This is “a powerful moment in time: the female rising,” according to Kerri Walsh Jennings, an American beach volleyball player, four-time Olympic medalist, and mother of three, who recently spoke to The Washington Post.

Outfits and equal pay

Female athletes with children have unprecedented opportunities to compete at the same level as men, even during and after pregnancy, where before they faced “a choice: either put off having babies or wait until you’re done competing,” Walsh Jennings told The Post. Now, they can keep their sponsorships, and their funding, which wasn’t the case as recently as 2019.

Still, it’s clear that female athletes generally face challenges that their male counterparts don’t. British Paralympian Olivia Breen said she was told at the English Championships this week that her shorts were too short.
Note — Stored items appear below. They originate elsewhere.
theorem mainTheorem8:
  fixes W :: "'n::finite \<Rightarrow> 'n \<Rightarrow> real" and x0 :: "'n \<Rightarrow> real"
  assumes "row_stochastic W"
    and "\<forall>M. M \<noteq> {} \<and> maximal_cohesive W M \<longrightarrow> M = UNIV"
  shows "AE \<omega> in (index_space :: 'n stream measure).
           \<exists>T c. \<forall>t\<ge>T. \<forall>i. traj W x0 \<omega> t i = c"
proof -
  obtain U where U: "\<forall>x\<in>{x. range x \<subseteq> range x0}. consensus (run W x U)"
    using exists_synchronizing_word[OF assms finite_funs_range_subset[of "range x0"]] by auto
  have "AE \<omega> in (index_space :: 'n stream measure). \<exists>t. stake (length U) (sdrop t \<omega>) = U"
    unfolding index_space_def by (rule AE_iid_word_occurs) simp
  then show ?thesis
  proof (rule eventually_mono)
    fix \<omega> assume "\<exists>t. stake (length U) (sdrop t \<omega>) = U"
    then obtain t where "stake (length U) (sdrop t \<omega>) = U" by blast
    then have "traj W x0 \<omega> (t + length U) = run W (traj W x0 \<omega> t) U"
      by (simp only: traj_add_eq_run)
    moreover have "consensus (run W (traj W x0 \<omega> t) U)"
      using U range_traj_subset[OF assms(1), of x0 \<omega> t] by blast
    ultimately have synced: "consensus (traj W x0 \<omega> (t + length U))"
      by simp
    then obtain c where c: "\<forall>i. traj W x0 \<omega> (t + length U) i = c"
      unfolding consensus_def by blast
    have "traj W x0 \<omega> s i = c" if "t + length U \<le> s" for s i
      using traj_consensus_stable[OF assms(1) synced that] c by simp
    then show "\<exists>T c. \<forall>s\<ge>T. \<forall>i. traj W x0 \<omega> s i = c" by blast
  qed
qed
lemma cond_payoff_swap_roles:
  fixes M :: "'k::finite \<Rightarrow> 'l::finite \<Rightarrow> 'a::finite \<Rightarrow> 'b::finite \<Rightarrow> real"
  shows "cond_payoff (swap_roles M) n (swap_hist \<tau>) (swap_hist \<sigma>) l k = - cond_payoff M n \<sigma> \<tau> k l"
proof -
  have "cond_payoff (swap_roles M) n (swap_hist \<tau>) (swap_hist \<sigma>) l k =
      (\<Sum>h\<in>histories n. reach (swap_hist \<tau>) (swap_hist \<sigma>) l k (snd h) (fst h) *
         (\<Sum>r<n. swap_roles M l k (snd h ! r) (fst h ! r)))"
    unfolding cond_payoff_def histories_swap[where 'a='a and 'b='b]
    by (subst sum.reindex) (auto simp: inj_on_def)
  also have "\<dots> = (\<Sum>h\<in>histories n. - (reach \<sigma> \<tau> k l (fst h) (snd h) * (\<Sum>r<n. M k l (fst h ! r) (snd h ! r))))"
    unfolding reach_def swap_hist_def swap_roles_def
    by (intro sum.cong refl) (simp add: mem_histories mult.commute sum_negf)
  also have "\<dots> = - cond_payoff M n \<sigma> \<tau> k l" unfolding cond_payoff_def by (simp add: sum_negf)
  finally show ?thesis .
qed

lemma dual2_payoff_swap_roles:
  fixes M :: "'k::finite \<Rightarrow> 'l::finite \<Rightarrow> 'a::finite \<Rightarrow> 'b::finite \<Rightarrow> real"
  shows "dual2_payoff (swap_roles M) n q (\<lambda>k. - \<mu> k) (swap_hist \<tau>) \<pi> (swap_hist \<sigma>) = - dual1_payoff M n \<mu> q \<pi> \<sigma> \<tau>"
  unfolding dual2_payoff_def dual1_payoff_def cond_payoff_swap_roles
  by (simp add: sum_negf sum_subtractf sum.distrib algebra_simps)

lemma dual2_guarantee_swap_roles:
  fixes M :: "'k::finite \<Rightarrow> 'l::finite \<Rightarrow> 'a::finite \<Rightarrow> 'b::finite \<Rightarrow> real"
  shows "dual2_guarantee (swap_roles M) n q (\<lambda>k. - \<mu> k) (swap_hist \<tau>) = - dual1_guarantee M n \<mu> q \<tau>"
  unfolding dual2_guarantee_def dual1_guarantee_def stoch2_pairs_eq_swap_hist_image image_image
  by (simp add: dual2_payoff_swap_roles INF_uminus_real)

lemma dual2_value_swap_roles:
  fixes M :: "'k::finite \<Rightarrow> 'l::finite \<Rightarrow> 'a::finite \<Rightarrow> 'b::finite \<Rightarrow> real"
  shows "dual2_value (swap_roles M) n q (\<lambda>k. - \<mu> k) = - dual1_value M n \<mu> q"
  unfolding dual2_value_def dual1_value_def stoch1_eq_swap_hist_image image_image dual2_guarantee_swap_roles
  by (simp add: SUP_uminus_real)

lemma dual2_upper_value_swap_roles:
  fixes M :: "'k::finite \<Rightarrow> 'l::finite \<Rightarrow> 'a::finite \<Rightarrow> 'b::finite \<Rightarrow> real"
  shows "dual2_upper_value (swap_roles M) n q (\<lambda>k. - \<mu> k) = - dual1_lower_value M n \<mu> q"
  unfolding dual2_upper_value_def dual1_lower_value_def stoch2_pairs_eq_swap_hist_image image_image
    stoch1_eq_swap_hist_image
  by (simp add: dual2_payoff_swap_roles SUP_uminus_real INF_uminus_real)

lemma dual2_security_strategy_swap_roles:
  fixes M :: "'k::finite \<Rightarrow> 'l::finite \<Rightarrow> 'a::finite \<Rightarrow> 'b::finite \<Rightarrow> real"
  shows "dual2_security_strategy (swap_roles M) n q (\<lambda>k. - \<mu> k) (swap_hist \<tau>) \<longleftrightarrow> dual1_security_strategy M n \<mu> q \<tau>"
  unfolding dual2_security_strategy_def dual1_security_strategy_def dual2_guarantee_swap_roles
    dual2_value_swap_roles stoch1_swap_hist
  by simp

lemma lp2_feasible_swap_roles:
  fixes M :: "'k::finite \<Rightarrow> 'l::finite \<Rightarrow> 'a::finite \<Rightarrow> 'b::finite \<Rightarrow> real"
  shows "lp2_feasible (swap_roles M) n q (\<lambda>k. - \<mu> k) (swap_hist y) (swap_lp_var w) (\<lambda>k. - w0 k) (- wt)
    \<longleftrightarrow> lp1_feasible M n \<mu> q y w w0 wt"
proof -
  have "(\<Sum>b\<in>UNIV. (\<Sum>l\<in>UNIV. swap_roles M l k b a * swap_hist y l hb ha b) + swap_lp_var w k hb ha b a)
      = - (\<Sum>b\<in>UNIV. (\<Sum>l\<in>UNIV. M k l a b * y l ha hb b) + w k ha hb a b)" for k a ha hb
    unfolding swap_roles_def swap_hist_def swap_lp_var_def by (simp add: sum_negf sum_subtractf sum.distrib)
  moreover have "(\<forall>k. - w0 k + - \<mu> k \<ge> - wt) \<longleftrightarrow> (\<forall>k. w0 k + \<mu> k \<le> wt)"
    by (auto simp: algebra_simps)
  ultimately show ?thesis
    unfolding lp2_feasible_def lp1_feasible_def realization_plan1_swap_hist
    by (auto simp: swap_lp_var_def)
qed

theorem dual1_value_lp:
  fixes M :: "'k::finite \<Rightarrow> 'l::finite \<Rightarrow> 'a::finite \<Rightarrow> 'b::finite \<Rightarrow> real"
  assumes n: "1 \<le> n" and q: "simplex q"
  shows
    "dual1_lower_value M n \<mu> q = dual1_value M n \<mu> q
     \<and> (\<exists>y w w0. lp1_feasible M n \<mu> q y w w0 (dual1_value M n \<mu> q))
     \<and> (\<forall>y w w0 wt. lp1_feasible M n \<mu> q y w w0 wt \<longrightarrow> dual1_value M n \<mu> q \<le> wt)
     \<and> (\<forall>y w w0. lp1_feasible M n \<mu> q y w w0 (dual1_value M n \<mu> q) \<longrightarrow>
          dual1_security_strategy M n \<mu> q (strategy_of_plan2 q y)
          \<and> (\<forall>l b. q l > 0 \<longrightarrow> strategy_of_plan2 q y l [] [] b = y l [] [] b / q l))"
proof -
  note swapped = dual2_value_lp[OF n q, of "swap_roles M" "\<lambda>k. - \<mu> k",
      unfolded dual2_value_swap_roles dual2_upper_value_swap_roles]
  show ?thesis
  proof (intro conjI allI impI)
    show "dual1_lower_value M n \<mu> q = dual1_value M n \<mu> q" using swapped by simp
    obtain x u u0 where "lp2_feasible (swap_roles M) n q (\<lambda>k. - \<mu> k) x u u0 (- dual1_value M n \<mu> q)"
      using swapped by blast
    then have "lp2_feasible (swap_roles M) n q (\<lambda>k. - \<mu> k) (swap_hist (swap_hist x))
        (swap_lp_var (swap_lp_var u)) (\<lambda>k. - (- u0 k)) (- dual1_value M n \<mu> q)"
      by simp
    then show "\<exists>y w w0. lp1_feasible M n \<mu> q y w w0 (dual1_value M n \<mu> q)"
      unfolding lp2_feasible_swap_roles by blast
  next
    fix y w w0 wt assume "lp1_feasible M n \<mu> q y w w0 wt"
    then have "lp2_feasible (swap_roles M) n q (\<lambda>k. - \<mu> k) (swap_hist y) (swap_lp_var w) (\<lambda>k. - w0 k) (- wt)"
      unfolding lp2_feasible_swap_roles .
    then show "dual1_value M n \<mu> q \<le> wt" using swapped by force
  next
    fix y w w0 assume "lp1_feasible M n \<mu> q y w w0 (dual1_value M n \<mu> q)"
    then have "lp2_feasible (swap_roles M) n q (\<lambda>k. - \<mu> k) (swap_hist y) (swap_lp_var w) (\<lambda>k. - w0 k)
        (- dual1_value M n \<mu> q)"
      unfolding lp2_feasible_swap_roles .
    then have "dual2_security_strategy (swap_roles M) n q (\<lambda>k. - \<mu> k) (strategy_of_plan1 q (swap_hist y))"
      using swapped by blast
    then show "dual1_security_strategy M n \<mu> q (strategy_of_plan2 q y)"
      unfolding strategy_of_plan1_swap_hist dual2_security_strategy_swap_roles .
  next
    fix y :: "'l \<Rightarrow> 'a list \<Rightarrow> 'b list \<Rightarrow> 'b \<Rightarrow> real" and l b assume "q l > 0"
    then show "strategy_of_plan2 q y l [] [] b = y l [] [] b / q l"
      unfolding strategy_of_plan2_def Let_def by simp
  qed
qed

theorem theorem2:
  fixes M :: "'k::finite \<Rightarrow> 'l::finite \<Rightarrow> 'a::finite \<Rightarrow> 'b::finite \<Rightarrow> real"
    and T t :: nat
    and p_t :: "'k \<Rightarrow> real" and \<nu>_t :: "'l \<Rightarrow> real"
    and \<mu>_t :: "'k \<Rightarrow> real" and q_t :: "'l \<Rightarrow> real"
  assumes "1 \<le> t" and "t \<le> T"
    and "simplex p_t" and "simplex q_t"
  defines "n \<equiv> T + 1 - t"
  shows
    \<comment> \<open>(i) type 2 dual game\<close>
    "dual2_upper_value M n p_t \<nu>_t = dual2_value M n p_t \<nu>_t
     \<and> (\<exists>x u u0. lp2_feasible M n p_t \<nu>_t x u u0 (dual2_value M n p_t \<nu>_t))
     \<and> (\<forall>x u u0 ut. lp2_feasible M n p_t \<nu>_t x u u0 ut \<longrightarrow> ut \<le> dual2_value M n p_t \<nu>_t)
     \<and> (\<forall>x u u0. lp2_feasible M n p_t \<nu>_t x u u0 (dual2_value M n p_t \<nu>_t) \<longrightarrow>
          dual2_security_strategy M n p_t \<nu>_t (strategy_of_plan1 p_t x)
          \<and> (\<forall>k a. p_t k > 0 \<longrightarrow> strategy_of_plan1 p_t x k [] [] a = x k [] [] a / p_t k))
     \<comment> \<open>(ii) type 1 dual game\<close>
     \<and> dual1_lower_value M n \<mu>_t q_t = dual1_value M n \<mu>_t q_t
     \<and> (\<exists>y w w0. lp1_feasible M n \<mu>_t q_t y w w0 (dual1_value M n \<mu>_t q_t))
     \<and> (\<forall>y w w0 wt. lp1_feasible M n \<mu>_t q_t y w w0 wt \<longrightarrow> dual1_value M n \<mu>_t q_t \<le> wt)
     \<and> (\<forall>y w w0. lp1_feasible M n \<mu>_t q_t y w w0 (dual1_value M n \<mu>_t q_t) \<longrightarrow>
          dual1_security_strategy M n \<mu>_t q_t (strategy_of_plan2 q_t y)
          \<and> (\<forall>l b. q_t l > 0 \<longrightarrow> strategy_of_plan2 q_t y l [] [] b = y l [] [] b / q_t l))"
proof -
  have "1 \<le> n" using assms(1,2) unfolding n_def by simp
  then show ?thesis
    using dual2_value_lp[OF _ assms(3), of n M \<nu>_t] dual1_value_lp[OF _ assms(4), of n M \<mu>_t] by blast
qed

end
Members of the Norwegian women’s handball team were each fined €150 ($176) when they chose to wear shorts instead of the standard bikini bottoms at the European Beach Handball Championships. And soccer players on the US Women’s National Team, who lost to Sweden today (July 21) in one of the first matches of the 2021 Games, are still fighting for equal pay.

These are some of the most high-profile controversies that have erupted over female athletes in the lead up to the Tokyo Olympics:

Caster Semenya and Differences of Sex Development (DSD)

South African track star Caster Semenya will not compete in Tokyo, after the Swiss Supreme Court ruled that World Athletics can enforce limits on natural testosterone levels that prevent some intersex athletes from competing against other female athletes in races between 400 m and a mile. (She did not qualify for the 5000 m and cannot compete in the 800 m, for which she won gold at the 2016 Olympics.)

Earlier this month, the Namibia National Olympic Committee announced that two of its sprinters, Beatrice Masilingi and Christine Mboma, were disqualified from the 400 m after undergoing tests at their Olympic training camp in Italy that revealed above-average natural testosterone levels.

A sexism scandal among Olympic organizers

Yoshiro Mori, the former head of the Tokyo Olympic Organizing Committee, resigned in Feb. after a local outlet reported that he complained women board members talk too much. He was replaced by a woman, Seiko Hashimoto, who now has the unenviable task of “fixing” the situation, writes Quartz’s Tripti Lahiri.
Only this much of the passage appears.